* _PROBLEM STATEMENT_
Gather all lines in the records below that include the word "Longrightarrow".
........
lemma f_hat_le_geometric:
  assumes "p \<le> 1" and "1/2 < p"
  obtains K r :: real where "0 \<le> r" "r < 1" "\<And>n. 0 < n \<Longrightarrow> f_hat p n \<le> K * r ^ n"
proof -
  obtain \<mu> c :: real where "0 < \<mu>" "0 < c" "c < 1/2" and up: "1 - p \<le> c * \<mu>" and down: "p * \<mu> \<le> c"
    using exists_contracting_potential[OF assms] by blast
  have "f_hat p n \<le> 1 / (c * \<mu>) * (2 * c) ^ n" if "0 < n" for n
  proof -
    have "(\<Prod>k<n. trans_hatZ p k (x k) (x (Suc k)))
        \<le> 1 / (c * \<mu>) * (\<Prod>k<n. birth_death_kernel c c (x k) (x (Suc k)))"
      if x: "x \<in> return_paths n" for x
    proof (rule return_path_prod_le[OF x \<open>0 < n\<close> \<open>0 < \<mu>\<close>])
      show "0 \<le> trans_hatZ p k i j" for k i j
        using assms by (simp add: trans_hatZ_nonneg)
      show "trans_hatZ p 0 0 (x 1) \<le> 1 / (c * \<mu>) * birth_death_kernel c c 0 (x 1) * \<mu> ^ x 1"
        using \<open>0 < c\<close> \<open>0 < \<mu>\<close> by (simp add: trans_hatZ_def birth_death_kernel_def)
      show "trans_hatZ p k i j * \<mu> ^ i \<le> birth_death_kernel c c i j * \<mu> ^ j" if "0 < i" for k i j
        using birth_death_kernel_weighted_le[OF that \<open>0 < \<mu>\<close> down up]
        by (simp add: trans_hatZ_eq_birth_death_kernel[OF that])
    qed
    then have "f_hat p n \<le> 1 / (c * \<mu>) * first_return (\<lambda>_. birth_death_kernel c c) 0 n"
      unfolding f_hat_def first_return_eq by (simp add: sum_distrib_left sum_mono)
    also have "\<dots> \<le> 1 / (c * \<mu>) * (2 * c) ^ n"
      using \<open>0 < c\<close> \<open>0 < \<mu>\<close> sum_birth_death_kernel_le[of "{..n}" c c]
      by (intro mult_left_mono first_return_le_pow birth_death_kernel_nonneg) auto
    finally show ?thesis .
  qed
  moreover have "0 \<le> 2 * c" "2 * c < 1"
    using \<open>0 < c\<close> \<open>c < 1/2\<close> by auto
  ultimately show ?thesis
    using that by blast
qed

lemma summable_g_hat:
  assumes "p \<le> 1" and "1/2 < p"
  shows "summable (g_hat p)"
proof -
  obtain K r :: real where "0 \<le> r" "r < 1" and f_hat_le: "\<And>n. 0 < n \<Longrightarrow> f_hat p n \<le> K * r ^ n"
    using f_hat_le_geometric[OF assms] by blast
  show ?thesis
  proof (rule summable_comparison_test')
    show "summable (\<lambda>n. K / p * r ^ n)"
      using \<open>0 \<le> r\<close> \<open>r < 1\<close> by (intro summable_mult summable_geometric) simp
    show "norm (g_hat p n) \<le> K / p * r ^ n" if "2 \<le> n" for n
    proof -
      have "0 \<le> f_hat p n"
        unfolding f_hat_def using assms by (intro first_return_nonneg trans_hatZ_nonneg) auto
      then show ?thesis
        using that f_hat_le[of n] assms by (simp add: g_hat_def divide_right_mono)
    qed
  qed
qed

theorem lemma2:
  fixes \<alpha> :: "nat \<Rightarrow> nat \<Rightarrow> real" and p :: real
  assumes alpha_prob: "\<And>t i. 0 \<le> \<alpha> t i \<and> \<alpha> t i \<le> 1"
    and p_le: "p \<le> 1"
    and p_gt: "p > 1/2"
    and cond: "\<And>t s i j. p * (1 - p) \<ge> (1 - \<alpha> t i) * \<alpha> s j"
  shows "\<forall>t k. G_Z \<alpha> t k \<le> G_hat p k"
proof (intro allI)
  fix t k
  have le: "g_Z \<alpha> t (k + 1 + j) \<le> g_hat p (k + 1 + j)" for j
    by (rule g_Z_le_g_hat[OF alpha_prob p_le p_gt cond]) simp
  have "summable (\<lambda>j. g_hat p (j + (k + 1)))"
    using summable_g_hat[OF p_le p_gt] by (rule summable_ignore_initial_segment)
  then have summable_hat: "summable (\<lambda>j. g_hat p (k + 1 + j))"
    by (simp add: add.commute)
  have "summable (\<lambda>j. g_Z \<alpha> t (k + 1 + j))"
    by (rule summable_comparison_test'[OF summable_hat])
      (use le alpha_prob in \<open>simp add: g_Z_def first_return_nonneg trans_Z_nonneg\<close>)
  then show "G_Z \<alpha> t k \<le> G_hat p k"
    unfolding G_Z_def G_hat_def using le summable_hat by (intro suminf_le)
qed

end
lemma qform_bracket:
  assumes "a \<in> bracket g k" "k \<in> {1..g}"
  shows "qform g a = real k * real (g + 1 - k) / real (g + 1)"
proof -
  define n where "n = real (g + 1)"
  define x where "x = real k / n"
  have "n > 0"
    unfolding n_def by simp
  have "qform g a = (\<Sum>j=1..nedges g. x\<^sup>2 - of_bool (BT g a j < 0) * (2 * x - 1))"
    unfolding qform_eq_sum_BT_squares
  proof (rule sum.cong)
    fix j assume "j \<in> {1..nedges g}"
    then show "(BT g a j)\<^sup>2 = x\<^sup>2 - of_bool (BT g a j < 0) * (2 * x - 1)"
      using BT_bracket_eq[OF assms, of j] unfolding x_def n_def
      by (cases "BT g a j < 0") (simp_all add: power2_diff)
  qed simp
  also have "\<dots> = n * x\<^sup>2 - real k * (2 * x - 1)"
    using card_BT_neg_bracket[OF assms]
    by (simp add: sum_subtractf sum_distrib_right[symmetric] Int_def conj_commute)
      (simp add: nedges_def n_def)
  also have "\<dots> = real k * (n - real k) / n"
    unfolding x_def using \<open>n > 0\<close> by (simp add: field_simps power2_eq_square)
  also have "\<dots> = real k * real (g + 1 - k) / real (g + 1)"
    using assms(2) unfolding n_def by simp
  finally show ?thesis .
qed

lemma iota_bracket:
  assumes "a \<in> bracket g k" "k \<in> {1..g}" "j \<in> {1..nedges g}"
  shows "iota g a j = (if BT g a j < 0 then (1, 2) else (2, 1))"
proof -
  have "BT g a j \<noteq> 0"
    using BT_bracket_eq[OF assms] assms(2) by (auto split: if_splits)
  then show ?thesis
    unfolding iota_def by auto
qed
........
* _RESULT_
  obtains K r :: real where "0 \<le> r" "r < 1" "\<And>n. 0 < n \<Longrightarrow> f_hat p n \<le> K * r ^ n"
  obtain K r :: real where "0 \<le> r" "r < 1" and f_hat_le: "\<And>n. 0 < n \<Longrightarrow> f_hat p n \<le> K * r ^ n"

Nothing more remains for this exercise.